All Culture as Adaptation or Exploitation
All Culture as Adaptation or Exploitation is Steve Hargadon's framework proposing that every cultural institution, practice, and system falls into one of two distinct categories: it either serves evolved human psychology (adaptation) or takes advantage of it (exploitation). According to Hargadon, there is no third category—all culture falls into one of these two buckets.
Theoretical Foundation
Hargadon's framework builds on evolutionary psychology's concept of the adapted mind, developed by Tooby and Cosmides, which describes the species-wide cognitive architecture shaped by natural selection over hundreds of thousands of years. This includes specialized psychological mechanisms for threat detection, mate selection, status monitoring, coalition formation, and social navigation—all calibrated for ancestral environments but still operating in modern contexts.
The framework also incorporates Hargadon's concept of the adaptive mind, which he describes as the cultural software layer that gets written during childhood development on top of the evolutionary firmware. While the adapted mind is universal, the adaptive mind calibrates these ancient mechanisms to specific cultural environments, learning which behaviors generate approval and belonging in particular families, communities, and social contexts.
The Two Categories
Adaptation
Adaptive cultural institutions genuinely serve human psychological needs and promote flourishing. These systems work with rather than against evolved psychology, providing meaning, structure, and frameworks for living that allow humans to thrive. Hargadon notes that traditional contemplative and wisdom traditions often fall into this category, as they developed structural workarounds for common human cognitive limitations rather than exploiting them.
Exploitation
Exploitative cultural institutions manipulate evolved psychology for purposes that serve the institution rather than the individual. Hargadon identifies this pattern through what he calls the Law of Inevitable Exploitation (L.I.E.)—the principle that "whatever behavior or activity exploits and extracts from available resources most effectively will survive, grow, and win," regardless of its effects on human well-being.
The Dual Address Mechanism
According to Hargadon, successful cultural institutions must address both layers of human psychology simultaneously. They must speak to the conscious deliberating layer (which Hargadon calls "the Rider," drawing on the Buddhist/Haidt elephant-and-rider metaphor) in terms of meaning, virtue, and belonging, while also engaging the subconscious layers (the adapted and adaptive minds, collectively "the Elephant") through status, safety, and coalition dynamics.
This dual address makes functional culture possible but also creates vulnerability to exploitation. Institutions that learn to deliver narrative satisfaction to the Rider while extracting from the Elephant can persist because "the agent being extracted from is structurally barred from noticing what is happening."

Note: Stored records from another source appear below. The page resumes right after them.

lemma card_arrangements_descents_upto:
  assumes "finite V" "M \<le> card V"
  shows "card {xs \<in> permutations_of_set V. descents xs \<inter> {1..<M} = J \<and> descents xs \<subseteq> {..M}}
    = (card V choose M) * card (arrangements_with_descents {1..M} J)"
proof -
  let ?Sub = "{A. A \<subseteq> V \<and> card A = M}"
  let ?app = "\<lambda>A ys. ys @ sorted_list_of_set (V - A)"
  have fin: "finite A" if "A \<in> ?Sub" for A using that assms(1) finite_subset by blast
  have card_img: "card (?app A ` arrangements_with_descents A J)
      = card (arrangements_with_descents {1..M} J)" if "A \<in> ?Sub" for A
  proof -
    have "card (?app A ` arrangements_with_descents A J) = card (arrangements_with_descents A J)"
      by (rule card_image) (simp add: inj_on_def)
    also have "\<dots> = card (arrangements_with_descents {1..M} J)"
      using that fin[OF that] by (intro card_arrangements_with_descents_eq) auto
    finally show ?thesis .
  qed
  have shape: "set ys = A" "length ys = M"
    if "ys \<in> arrangements_with_descents A J" "A \<in> ?Sub" for ys A
    using that distinct_card[of ys]
    by (auto simp: arrangements_with_descents_def permutations_of_set_def)
  have disj: "?app A ` arrangements_with_descents A J \<inter> ?app B ` arrangements_with_descents B J = {}"
    if AB: "A \<in> ?Sub" "B \<in> ?Sub" "A \<noteq> B" for A B
  proof (rule ccontr)
    assume "?app A ` arrangements_with_descents A J \<inter> ?app B ` arrangements_with_descents B J \<noteq> {}"
    then obtain ys ws where ys: "ys \<in> arrangements_with_descents A J"
      and ws: "ws \<in> arrangements_with_descents B J" and eq: "?app A ys = ?app B ws"
      by blast
    have "ys = ws"
      using eq shape[OF ys AB(1)] shape[OF ws AB(2)] by (simp add: append_eq_append_conv)
    thus False using shape(1)[OF ys AB(1)] shape(1)[OF ws AB(2)] AB(3) by simp
  qed
  have "card (\<Union>A\<in>?Sub. ?app A ` arrangements_with_descents A J)
      = (\<Sum>A\<in>?Sub. card (?app A ` arrangements_with_descents A J))"
    using assms(1) disj by (intro card_UN_disjoint) (auto simp: arrangements_with_descents_def)
  also have "\<dots> = card ?Sub * card (arrangements_with_descents {1..M} J)"
    using card_img by simp
  finally show ?thesis
    using arrangements_descents_upto_eq_UN[OF assms] n_subsets[OF assms(1)] by simp
qed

The Narrative-Operative Gap
The framework predicts a systematic gap between idealized narratives (what institutions claim to do) and operative functions (what they actually do to survive and persist). Hargadon developed this distinction through experiments with multiple large language models, which converged on finding that "human self-narration is consistently optimized to make competitive, status-sensitive, coalition-bound organisms appear morally governed, publicly oriented, and metaphysically justified."
This gap is not corruption but rather "the basic architecture of human social life." Institutions require virtuous narratives to maintain cooperation among participants, but the underlying selection pressures favor those that most effectively capture resources and attention.
The Separated Mind Architecture
Hargadon grounds the adaptation/exploitation framework in his broader theory of the separated mind—the proposal that human consciousness consists of at least two systems without direct access to each other. The conscious deliberating layer operates within frameworks and emotional weightings supplied by subconscious layers, creating systematic blind spots that make exploitation possible.
This architectural separation explains why the adaptation/exploitation pattern is universal and persistent. Each generation rebuilds their psychological software from scratch using the same evolutionary foundation, making them vulnerable to the same forms of capture that affected previous generations.
Practical Applications
The framework suggests that distinguishing between adaptation and exploitation requires reading "operative reality" rather than accepting institutional narratives at face value. Hargadon argues this involves examining what institutions actually do to sustain themselves, what behavioral patterns they reward, and whose interests they ultimately serve, rather than focusing solely on their stated missions and values.
For individuals, the framework implies that many personal struggles attributed to "self-sabotage" are actually instances of "real sabotage"—systematic manipulation of evolved psychology by institutions designed to exploit rather than serve human needs.
Historical Perspective
Hargadon connects this framework to his analysis of civilizational cycles, arguing that cultures begin with alignment between narrative and function but gradually succumb to capture as institutions optimize for extraction over service. The pattern recurs because "the architecture that produces it remains unchanged"—each generation faces the same fundamental choice between building institutions that adapt to human psychology versus institutions that exploit it.
The framework positions itself not as a solution to this dynamic but as a tool for understanding it, allowing individuals and communities to make more informed choices about which institutions to support and how to structure new ones that might resist capture longer than their predecessors.